The individual sonatas are frequently played, but performances of all 10 — which were composed between 1797 and 1812 — as a cycle are rare. (The most recent traversal of the sonatas in America seems to have been in La Jolla, California, in 2017.) “This is an incredible opportunity for Santa Fe audiences,” observed the festival’s artistic director, Marc Neikrug. “Pinchas Zukerman and I played these sonatas all over the world for 35 years, and we never did more than seven or eight full cycles during that whole time.
“You feel exhilarated and exhausted at the end of playing them all, but you also have this incredible feeling of community — that you and the audience have given each other a great gift by going through this transformative experience together over such a short time. It’s really the Ring Cycle of chamber music. Doing them in chronological order means the audience is traveling with Beethoven through one of his most important periods. He was breaking through the stylistic formalities of the time, moving from classicism to romanticism.”

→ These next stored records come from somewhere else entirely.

lemma UA_Jhat_pointwise:
  fixes a b \<zeta> \<zeta>' :: "('n::finite) pt \<Rightarrow> complex"
  shows "Jhat_jacobian lam q *\<^sub>R (UA lam (tensor a (Jhat lam \<zeta>')) (p, Jhat_map lam q)
            * cnj (tensor b (Jhat lam \<zeta>) (p, Jhat_map lam q)))
       = exp (lam * snd (snd q)) ^ (2 * CARD('n)) *\<^sub>R (tensor a \<zeta> (dilate lam (snd (snd q)) p, q)
            * cnj (UA lam (tensor b \<zeta>') (dilate lam (snd (snd q)) p, q)))"
proof -
  obtain x y r where p: "p = (x, y, r)" by (cases p)
  obtain X Y s where q: "q = (X, Y, s)" by (cases q)
  define E where "E = exp (lam * s)"
  define Ei where "Ei = exp (- (lam * s))"
  have EEi: "Ei * E = 1" "E * Ei = 1" unfolding E_def Ei_def by (simp_all add: exp_minus)
  have e1: "exp (- lam * - s) = E" "exp (lam * - s) = Ei" "exp (- lam * s) = Ei" "exp (lam * s) = E"
    unfolding E_def Ei_def by simp_all
  have v1: "Ei *\<^sub>R (E *\<^sub>R v) = v" for v :: "real^'n" using EEi by simp
  have v2: "Ei *\<^sub>R (E *\<^sub>R X - E *\<^sub>R v) = X - v" for v X :: "real^'n"
    using EEi by (simp add: scaleR_diff_right)
  have ph: "ebar (eta_lam lam (- s) * beta (E *\<^sub>R x) (E *\<^sub>R Y - E *\<^sub>R y)) = cnj (ebar (eta_lam lam s * beta x (Y - y)))"
    using ebar_Jhat_phase unfolding E_def .
  have Epos: "E > 0" unfolding E_def by simp
  have Ei: "complex_of_real Ei = inverse (complex_of_real E)"
    unfolding Ei_def E_def by (simp add: exp_minus of_real_inverse)
  have jac: "Jhat_jacobian lam (X, Y, s) = E ^ (2 * CARD('n))" unfolding Jhat_jacobian_def E_def by simp
  show ?thesis
    unfolding p q UA_apply Jhat_map_apply dilate_def tensor_def e1 prod.case snd_conv
    unfolding Jhat_apply e1 jac
    apply (simp only: v1 v2 prod.case ph minus_minus diff_add_cancel diff_conv_add_uminus[symmetric])
    apply (simp add: Ei scaleR_conv_of_real[where 'a=complex])
    using Epos apply (simp add: field_simps)
    done
qed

Kavafian and McDermott bring exceptional performance credentials to the festival’s sonatas cycle. McDermott has performed as a soloist with the New York Philharmonic, the Philadelphia Orchestra, and the orchestras of Atlanta, Dallas, St. Louis, and Seattle. Her recordings include the complete Prokofiev piano sonatas and all of Gershwin’s music for piano and orchestra. Kavafian was a longtime member of the Beaux Arts Trio and the pioneering TASHI ensemble. Her recordings include collaborations with the Guarneri Quartet; she has also toured and recorded with Chick Corea and Wynton Marsalis.

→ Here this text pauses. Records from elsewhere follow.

lemma card_subspace:
  fixes W :: "('a::{field,finite}^'n) set"
  assumes "vec.subspace W"
  shows "card W = CARD('a) ^ vec.dim W"
proof -
  obtain B where B: "B \<subseteq> W" "vec.independent B" "W \<subseteq> vec.span B" "card B = vec.dim W"
    using vec.basis_exists by blast
  have span_B: "vec.span B = W"
    using B assms by (metis subset_antisym vec.span_minimal)
  define comb where "comb c = (\<Sum>v\<in>B. c v *s v)" for c :: "'a^'n \<Rightarrow> 'a"
  have "bij_betw comb (B \<rightarrow>\<^sub>E UNIV) W"
  proof (rule bij_betwI')
    fix c d :: "'a^'n \<Rightarrow> 'a"
    assume c: "c \<in> B \<rightarrow>\<^sub>E UNIV" and d: "d \<in> B \<rightarrow>\<^sub>E UNIV"
    show "comb c = comb d \<longleftrightarrow> c = d"
    proof
      assume "comb c = comb d"
      then have "(\<Sum>v\<in>B. (c v - d v) *s v) = 0"
        by (simp add: comb_def vector_sub_rdistrib sum_subtractf)
      then have "\<forall>v\<in>B. c v - d v = 0"
        using B(2) vec.independent_explicit[of B] by (auto dest!: spec[of _ "\<lambda>v. c v - d v"])
      then show "c = d" using c d by (auto intro: PiE_ext)
    qed simp
  next
    fix c :: "'a^'n \<Rightarrow> 'a"
    show "comb c \<in> W"
      using span_B vec.span_finite[of B] by (auto simp: comb_def)
  next
    fix w assume "w \<in> W"
    then obtain c where "w = comb c"
      using span_B vec.span_finite[of B] by (auto simp: comb_def)
    then show "\<exists>c'\<in>B \<rightarrow>\<^sub>E UNIV. w = comb c'"
      by (intro bexI[of _ "restrict c B"]) (auto simp: comb_def)
  qed
  then have "card W = card (B \<rightarrow>\<^sub>E (UNIV :: 'a set))"
    by (simp add: bij_betw_same_card)
  then show ?thesis using B by (simp add: card_PiE)
qed

definition indep_mod :: "('a::field^'n) set \<Rightarrow> ('a^'n) list \<Rightarrow> bool" where
  "indep_mod B L \<longleftrightarrow> vec.dim (B \<union> set L) = vec.dim B + length L"

lemma dim_Un_set_le: "vec.dim (B \<union> set L) \<le> vec.dim B + length L"
proof (induction L arbitrary: B)
  case (Cons x L)
  have "vec.dim (B \<union> set (x # L)) = vec.dim (insert x B \<union> set L)" by simp
  also have "\<dots> \<le> vec.dim (insert x B) + length L" by (rule Cons.IH)
  finally show ?case by (simp add: vec.dim_insert split: if_splits)
qed simp

lemma indep_mod_Nil [simp]: "indep_mod B []"
  by (simp add: indep_mod_def)

lemma indep_mod_Cons [simp]:
  "indep_mod B (x # L) \<longleftrightarrow> x \<notin> vec.span B \<and> indep_mod (insert x B) L"
  using dim_Un_set_le[of "insert x B" L]
  by (auto simp: indep_mod_def vec.dim_insert)

lemma card_indep_mod_lists:
  fixes A B :: "('a::{field,finite}^'n) set"
  assumes "vec.subspace A" "B \<subseteq> A" "vec.dim B + r \<le> vec.dim A"
  shows "card {L. length L = r \<and> set L \<subseteq> A \<and> indep_mod B L}
       = (\<Prod>i<r. CARD('a) ^ vec.dim A - CARD('a) ^ (vec.dim B + i))"
  using assms(2,3)
proof (induction r arbitrary: B)
  case 0
  have "{L. length L = 0 \<and> set L \<subseteq> A \<and> indep_mod B L} = {[]}" by auto
  then show ?case by simp
next
  case (Suc r)
  define F where "F x = {L. length L = r \<and> set L \<subseteq> A \<and> indep_mod (insert x B) L}" for x
  have lists: "{L. length L = Suc r \<and> set L \<subseteq> A \<and> indep_mod B L} = (\<Union>x\<in>A - vec.span B. (#) x ` F x)"
    by (auto simp: F_def length_Suc_conv)
  have card_F: "card (F x) = (\<Prod>i<r. CARD('a) ^ vec.dim A - CARD('a) ^ (vec.dim B + Suc i))"
    if "x \<in> A - vec.span B" for x
  proof -
    have "vec.dim (insert x B) = vec.dim B + 1" using that by (simp add: vec.dim_insert)
    then show ?thesis
      unfolding F_def using Suc.prems that by (subst Suc.IH) auto
  qed
  have "vec.span B \<subseteq> A" using Suc.prems assms(1) by (simp add: vec.span_minimal)
  then have card_diff: "card (A - vec.span B) = CARD('a) ^ vec.dim A - CARD('a) ^ vec.dim B"
    using card_subspace[OF assms(1)] card_subspace[of "vec.span B"] by (simp add: card_Diff_subset)
  have "card (\<Union>x\<in>A - vec.span B. (#) x ` F x) = (\<Sum>x\<in>A - vec.span B. card ((#) x ` F x))"
    using finite_lists_length_eq[of "UNIV :: ('a^'n) set" r]
    by (intro card_UN_disjoint) (auto simp: F_def elim!: rev_finite_subset)
  also have "\<dots> = (\<Sum>x\<in>A - vec.span B. card (F x))"
    by (intro sum.cong refl card_image) auto
  also have "\<dots> = card (A - vec.span B)
      * (\<Prod>i<r. CARD('a) ^ vec.dim A - CARD('a) ^ (vec.dim B + Suc i))"
    using card_F by simp
  finally show ?case
    unfolding lists card_diff by (subst prod.lessThan_Suc_shift) simp
qed

lemma indep_mod_iff_span_Int:
  assumes M: "vec.subspace M" and N: "vec.subspace N" and "M \<subseteq> N"
  shows "indep_mod N L \<longleftrightarrow> indep_mod M L \<and> vec.span (M \<union> set L) \<inter> N = M"
proof -
  define X where "X = vec.span (M \<union> set L)"
  have "vec.span (N \<union> set L) = vec.span (N \<union> (M \<union> set L))"
    using \<open>M \<subseteq> N\<close> by (metis Un_absorb2 Un_assoc)
  then have "vec.span (N \<union> set L) = N + X"
    using N by (simp add: X_def span_Un_eq_set_plus[of N] vec.span_eq_iff[THEN iffD2])
  then have "vec.dim (N \<union> set L) = vec.dim (N + X)"
    by (metis vec.dim_span)
  then have meet: "vec.dim (N \<union> set L) + vec.dim (X \<inter> N) = vec.dim N + vec.dim (M \<union> set L)"
    using dim_set_plus_Int[OF N, of X] by (simp add: X_def Int_commute)
  have sub: "M \<subseteq> X \<inter> N"
    using \<open>M \<subseteq> N\<close> vec.span_superset[of "M \<union> set L"] by (auto simp: X_def)
  moreover have "vec.subspace (X \<inter> N)"
    using N by (simp add: X_def vec.subspace_inter)
  ultimately have "vec.dim M \<le> vec.dim (X \<inter> N)" "vec.dim (X \<inter> N) = vec.dim M \<longleftrightarrow> X \<inter> N = M"
    using vec.subspace_dim_equal[OF M] vec.dim_subset by (metis order_refl)+
  then show ?thesis
    using meet dim_Un_set_le[of M L] dim_Un_set_le[of N L]
    unfolding indep_mod_def X_def[symmetric] by linarith
qed

lemma card_subspaces_meeting_prod:
  fixes A M N :: "('a::{field,finite}^'n) set"
  assumes A: "vec.subspace A" and M: "vec.subspace M" and N: "vec.subspace N"
    and "M \<subseteq> N" "N \<subseteq> A" "vec.dim M \<le> k" "vec.dim N + (k - vec.dim M) \<le> vec.dim A"
  shows "card {U. vec.subspace U \<and> vec.dim U = k \<and> M \<subseteq> U \<and> U \<subseteq> A \<and> U \<inter> N = M}
           * (\<Prod>i<k - vec.dim M. CARD('a) ^ k - CARD('a) ^ (vec.dim M + i))
         = (\<Prod>i<k - vec.dim M. CARD('a) ^ vec.dim A - CARD('a) ^ (vec.dim N + i))"
proof -
  \<comment> \<open>Count the lists in A that are independent modulo N in two ways: together with M such a
    list spans a member of the family, and the lists giving a fixed U are those in U that are
    independent modulo M.\<close>
  define r where "r = k - vec.dim M"
  define Lists where "Lists = {L. length L = r \<and> set L \<subseteq> A \<and> indep_mod N L}"
  define Us where "Us = {U. vec.subspace U \<and> vec.dim U = k \<and> M \<subseteq> U \<and> U \<subseteq> A \<and> U \<inter> N = M}"
  define span_with where "span_with L = vec.span (M \<union> set L)" for L
  have dim_span_with: "vec.dim (span_with L) = k" if "length L = r" "indep_mod M L" for L
    using that \<open>vec.dim M \<le> k\<close> by (simp add: span_with_def indep_mod_def r_def)
  have span_with_in: "span_with L \<in> Us" if L: "L \<in> Lists" for L
  proof -
    have "indep_mod M L" "span_with L \<inter> N = M"
      using L indep_mod_iff_span_Int[OF M N \<open>M \<subseteq> N\<close>] by (auto simp: Lists_def span_with_def)
    moreover have "span_with L \<subseteq> A"
      unfolding span_with_def
      using L A \<open>M \<subseteq> N\<close> \<open>N \<subseteq> A\<close> by (intro vec.span_minimal) (auto simp: Lists_def)
    ultimately show ?thesis
      using L dim_span_with vec.span_superset[of "M \<union> set L"]
      by (auto simp: Us_def Lists_def span_with_def)
  qed
  have fibre: "{L \<in> Lists. span_with L = U} = {L. length L = r \<and> set L \<subseteq> U \<and> indep_mod M L}"
    if U: "U \<in> Us" for U
  proof (intro set_eqI iffI)
    fix L assume "L \<in> {L \<in> Lists. span_with L = U}"
    then show "L \<in> {L. length L = r \<and> set L \<subseteq> U \<and> indep_mod M L}"
      using indep_mod_iff_span_Int[OF M N \<open>M \<subseteq> N\<close>] vec.span_superset[of "M \<union> set L"]
      by (auto simp: Lists_def span_with_def)
  next
    fix L assume L: "L \<in> {L. length L = r \<and> set L \<subseteq> U \<and> indep_mod M L}"
    have "span_with L \<subseteq> U"
      unfolding span_with_def using L U by (intro vec.span_minimal) (auto simp: Us_def)
    then have "span_with L = U"
      using L U dim_span_with vec.subspace_dim_equal[of "span_with L" U]
      by (auto simp: Us_def span_with_def)
    then show "L \<in> {L \<in> Lists. span_with L = U}"
      using L U indep_mod_iff_span_Int[OF M N \<open>M \<subseteq> N\<close>]
      by (auto simp: Lists_def Us_def span_with_def)
  qed
  have "finite Lists"
    using finite_lists_length_eq[of "UNIV :: ('a^'n) set" r]
    by (auto simp: Lists_def elim: rev_finite_subset)
  have "Lists = (\<Union>U\<in>Us. {L \<in> Lists. span_with L = U})"
    using span_with_in by auto
  also have "card \<dots> = (\<Sum>U\<in>Us. card {L \<in> Lists. span_with L = U})"
    using \<open>finite Lists\<close> by (intro card_UN_disjoint) auto
  also have "\<dots> = (\<Sum>U\<in>Us. \<Prod>i<r. CARD('a) ^ k - CARD('a) ^ (vec.dim M + i))"
  proof (rule sum.cong[OF refl])
    fix U assume "U \<in> Us"
    then show "card {L \<in> Lists. span_with L = U}
        = (\<Prod>i<r. CARD('a) ^ k - CARD('a) ^ (vec.dim M + i))"
      using card_indep_mod_lists[of U M r] \<open>vec.dim M \<le> k\<close> by (simp add: fibre Us_def r_def)
  qed
  finally show ?thesis
    using card_indep_mod_lists[OF A] assms by (simp add: Lists_def Us_def r_def mult.commute)
qed

lemma of_nat_prod_power_diff:
  fixes Q :: nat
  assumes "c + r \<le> a" "Q \<ge> 1"
  shows "real (\<Prod>i<r. Q ^ a - Q ^ (c + i))
    = (\<Prod>i<r. real Q ^ (c + i)) * (\<Prod>i<r. real Q ^ (a - c - i) - 1)"
proof -
  have "real (Q ^ a - Q ^ (c + i)) = real Q ^ (c + i) * (real Q ^ (a - c - i) - 1)" if "i < r" for i
  proof -
    have "Q ^ (c + i) \<le> Q ^ a" using assms that by (intro power_increasing) auto
    moreover have "real Q ^ a = real Q ^ (c + i) * real Q ^ (a - c - i)"
      using assms that by (simp flip: power_add)
    ultimately show ?thesis by (simp add: of_nat_diff algebra_simps)
  qed
  then show ?thesis by (simp add: prod.distrib)
qed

Both women serve as artistic leaders of important chamber music groups. Kavafian was the founding
artistic director of Colorado’s Bravo! Vail Music Festival and New Mexico’s Music From Angel Fire, now in its 36th season. McDermott has been Bravo! Vail’s artistic director since 2011; she’s also the artistic director for Florida’s Ocean Reef Chamber Music Festival and curator for chamber music for the Mainly Mozart Festival in San Diego.
TUESDAY, AUG. 13
Beethoven wrote the first three sonatas when he was 27. They are the work of a confident young composer who has mastered the prevailing style and is starting to deepen its expressive possibilities. The first, in D major, features many fast key changes and sudden dynamic contrasts. During the third movement, the music comically jumps into a completely unexpected key and then out again, as if the composer made a composition mistake and forgot to go back and correct it. Beethoven’s sense of humor also comes to the fore in the second sonata, which seems to end with a big final cadence by the violin, only to have the piano continue for another two measures. The third sonata, in E-flat major, is especially notable for its virtuoso piano part and the deeply emotional middle movement.
WEDNESDAY, AUG.14
Sonatas four through seven see Beethoven expanding the scope by starting to add a fourth, contrasting movement. They’re scherzos, which are relatively short and are in a triple meter, so they have the feeling of a waltz. Scherzo is the Italian word for “joke,” and they can have a comic aspect — as in the fifth sonata, in which the violin sounds like it can’t keep up with the piano. Beethoven also widens his emotional palette by choosing minor keys for two of these pieces. The seventh sonata is especially interesting. It’s in C minor, which is Beethoven’s choice to convey intense drama, as in the Funeral March from his Eroica symphony, which he was starting to sketch out at the time, and in the fifth symphony. The seventh sonata also contains several structural innovations that prefigure his later compositions.
THURSDAY, AUG. 15
The final program’s most remarkable work is the ninth sonata, the Kreutzer Sonata, because it’s so unlike all the others. It’s much longer — with an incredibly showy and difficult violin part — and much more dramatic. In reality, it sounds like a violin concerto with the orchestra replaced by a piano. It starts with a slow introduction, followed by an agitated presto movement. The second movement is more relaxed; the third returns to top speed with a tarantella, a fiery Italian folk dance. The
program-opening eighth sonata, in G major, shows Beethoven at his sunniest and most charming, reflecting the time he spent in a forest outside Vienna during its composition. A nearly 10-year gap separates the tenth and final sonata from the ninth. Beethoven wrote it shortly after finishing his seventh and eighth symphonies, so here his mature style, with its probing intensity, is fully in evidence. Because it was written for Pierre Rode’s relatively restrained playing style, the tenth sonata has fewer violin pyrotechnics than most of the others.